Depois do mundo das maravilhas, tempo para um salto lá fora para equilibrar o termostato, limpar o palato e preparar a viagem até à floresta encantada (estou certo que o Tiago Castro não se importará da citação) dos Moura. Este bando de galegos trazem-nos uma mistura mágica de Rock progressivo, psicadelismo, folk e de algum imaginário pagão que estamos habituados a associar àquele pedaço tão especial da Península Ibérica. No entanto, não concluam que vão encontrar 6 músicos vestidos de gnomos verdes, de fadas púrpura ou unicórnios multicoloridos. Os Moura abraçam as suas raízes regionais e carregam as tradições do seu povo tanto para as letras das suas canções como para as respectivas composições sónicas.

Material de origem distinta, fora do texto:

definition rho :: "(complex \<Rightarrow> complex) \<Rightarrow> nat \<Rightarrow> complex \<Rightarrow> complex" where
  "rho f n z = (\<Sum>j. taylor_coeff f (j + n + 1) * z ^ (j + n + 1))"

end

theory Submission
  imports Defs
begin

text \<open>
  Comparing Taylor coefficients in \<open>z f' - f = z\<^sup>2 \<phi> / 2\<close> gives \<open>(k - 1) a\<^sub>k = c\<^sub>k\<^sub>-\<^sub>2 / 2\<close>,
  where the \<open>c\<^sub>j\<close> are the Taylor coefficients of \<open>\<phi>\<close>, and \<open>|c\<^sub>j| \<le> 1\<close> by Cauchy's
  inequality. Hence \<open>|a\<^sub>k| \<le> 1 / (2 (k - 1))\<close>, and each of the three quantities is
  bounded by the corresponding power series with these majorants, evaluated at \<open>r\<close>;
  for \<open>n \<ge> 2\<close> only the terms with \<open>k \<ge> 3\<close> occur, and the resulting series sum to
  the stated closed forms via \<open>-ln (1 - r) = \<Sum>\<^sub>k\<^sub>\<ge>\<^sub>1 r\<^sup>k / k\<close>.
\<close>

lemma fps_expansion_nth_eq_taylor_coeff:
  fixes F :: "complex fps"
  assumes "f has_fps_expansion F"
  shows "F $ k = taylor_coeff f k"
  using fps_nth_fps_expansion[OF assms] by (simp add: taylor_coeff_def)

lemma holomorphic_has_fps_expansion_sums:
  fixes g :: "complex \<Rightarrow> complex" and G :: "complex fps"
  assumes "g holomorphic_on ball 0 R" "g has_fps_expansion G" "norm z < R"
  shows "(\<lambda>k. G $ k * z ^ k) sums g z"
  using holomorphic_power_series[OF assms(1), of z] assms(3) fps_nth_fps_expansion[OF assms(2)]
  by simp

lemma norm_sums_le_majorant:
  fixes c :: "nat \<Rightarrow> 'a :: {real_normed_div_algebra, banach}"
  assumes "(\<lambda>k. c k * z ^ k) sums s" "\<And>k. norm (c k) \<le> b k"
    and "(\<lambda>k. b k * norm z ^ k) sums T"
  shows "norm s \<le> T"
proof -
  have le: "norm (c k * z ^ k) \<le> b k * norm z ^ k" for k
    by (simp add: norm_mult norm_power mult_right_mono assms(2))
  have summable: "summable (\<lambda>k. norm (c k * z ^ k))"
    by (rule summable_comparison_test'[OF sums_summable[OF assms(3)]]) (use le in auto)
  have "norm s \<le> (\<Sum>k. norm (c k * z ^ k))"
    using summable_norm[OF summable] sums_unique[OF assms(1)] by simp
  also have "\<dots> \<le> T"
    using suminf_le[OF le summable sums_summable[OF assms(3)]] sums_unique[OF assms(3)] by simp
  finally show ?thesis .
qed

lemma norm_le_fps_majorant:
  fixes g :: "complex \<Rightarrow> complex" and G :: "complex fps"
  assumes "g holomorphic_on ball 0 R" "g has_fps_expansion G" "\<And>k. norm (G $ k) \<le> b k"
    and "(\<lambda>k. b k * norm z ^ k) sums T" "norm z < R"
  shows "norm (g z) \<le> T"
  by (rule norm_sums_le_majorant[OF holomorphic_has_fps_expansion_sums[OF assms(1,2,5)] assms(3,4)])

lemma norm_fps_deriv_nth_le:
  fixes G :: "'a :: real_normed_field fps"
  assumes "\<And>k. norm (G $ k) \<le> b k"
  shows "norm (fps_deriv G $ k) \<le> real (k + 1) * b (k + 1)"
  using assms[of "k + 1"] by (simp add: norm_mult mult_left_mono del: of_nat_Suc)

lemma norm_deriv_le_fps_majorant:
  fixes g :: "complex \<Rightarrow> complex" and G :: "complex fps"
  assumes holo: "g holomorphic_on ball 0 R" and G: "g has_fps_expansion G"
    and bound: "\<And>k. norm (G $ k) \<le> b k"
    and "(\<lambda>k. (real (k + 1) * b (k + 1)) * norm z ^ k) sums T" "norm z < R"
  shows "norm (deriv g z) \<le> T"
  by (rule norm_le_fps_majorant[OF holomorphic_deriv[OF holo open_ball] has_fps_expansion_deriv[OF G]
        norm_fps_deriv_nth_le[OF bound] assms(4,5)])

lemma norm_deriv2_le_fps_majorant:
  fixes g :: "complex \<Rightarrow> complex" and G :: "complex fps"
  assumes holo: "g holomorphic_on ball 0 R" and G: "g has_fps_expansion G"
    and bound: "\<And>k. norm (G $ k) \<le> b k"
    and sums: "(\<lambda>k. (real (k + 1) * real (k + 2) * b (k + 2)) * norm z ^ k) sums T"
    and z: "norm z < R"
  shows "norm (deriv (deriv g) z) \<le> T"
proof (rule norm_deriv_le_fps_majorant[OF holomorphic_deriv[OF holo open_ball] has_fps_expansion_deriv[OF G]
        norm_fps_deriv_nth_le[OF bound] _ z])
  show "(\<lambda>k. real (k + 1) * (real (k + 1 + 1) * b (k + 1 + 1)) * norm z ^ k) sums T"
    using sums by (simp add: mult.assoc)
qed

Não é, portanto, de estranhar que a eletricidade das guitarras e da respectiva profusão de pedais, partilhem o palco com brinquedos alucinados como o moog e o mellotron, dezenas de instrumentos percussivos e umas tantas ferramentas de trabalho agrícola. Confesso-me pouco adepto da maioria dos casamentos, e sobretudo das respectivas bodas, entre o Rock e o folclore, que muitas vezes acabam por estragar duas casas, se me permitem a liberdade na linguagem! Parecendo que não, até pela parafernália anteriormente descrita, os Moura são bem mais discretos e fazem a coisa resultar. Há lugar para tudo e está tudo no seu lugar … as agruras do trabalho e a festa da colheita, as dores no corpo e a literatura da alma.
Com três álbuns no bornal, o sexteto da Corunha desfolhou quase na íntegra, o seu aclamado segundo disco, Axexan, Espreitan de 2022, para depois nos mostrarem o rico miolo de Fume Santo de Loureiro, lançado no ano passado. Para o fim estava guardado o doce da versão da “Ronda das Mafarricas”, incluída no trabalho de estreia dos galegos (Moura, de 2020).
Os nossos parceiros das Cartaxo Sessions têm-nos habituado a belas noites de música, mas neste seu décimo terceiro aniversário, excederam-se. Muitos parabéns e ainda mais obrigados!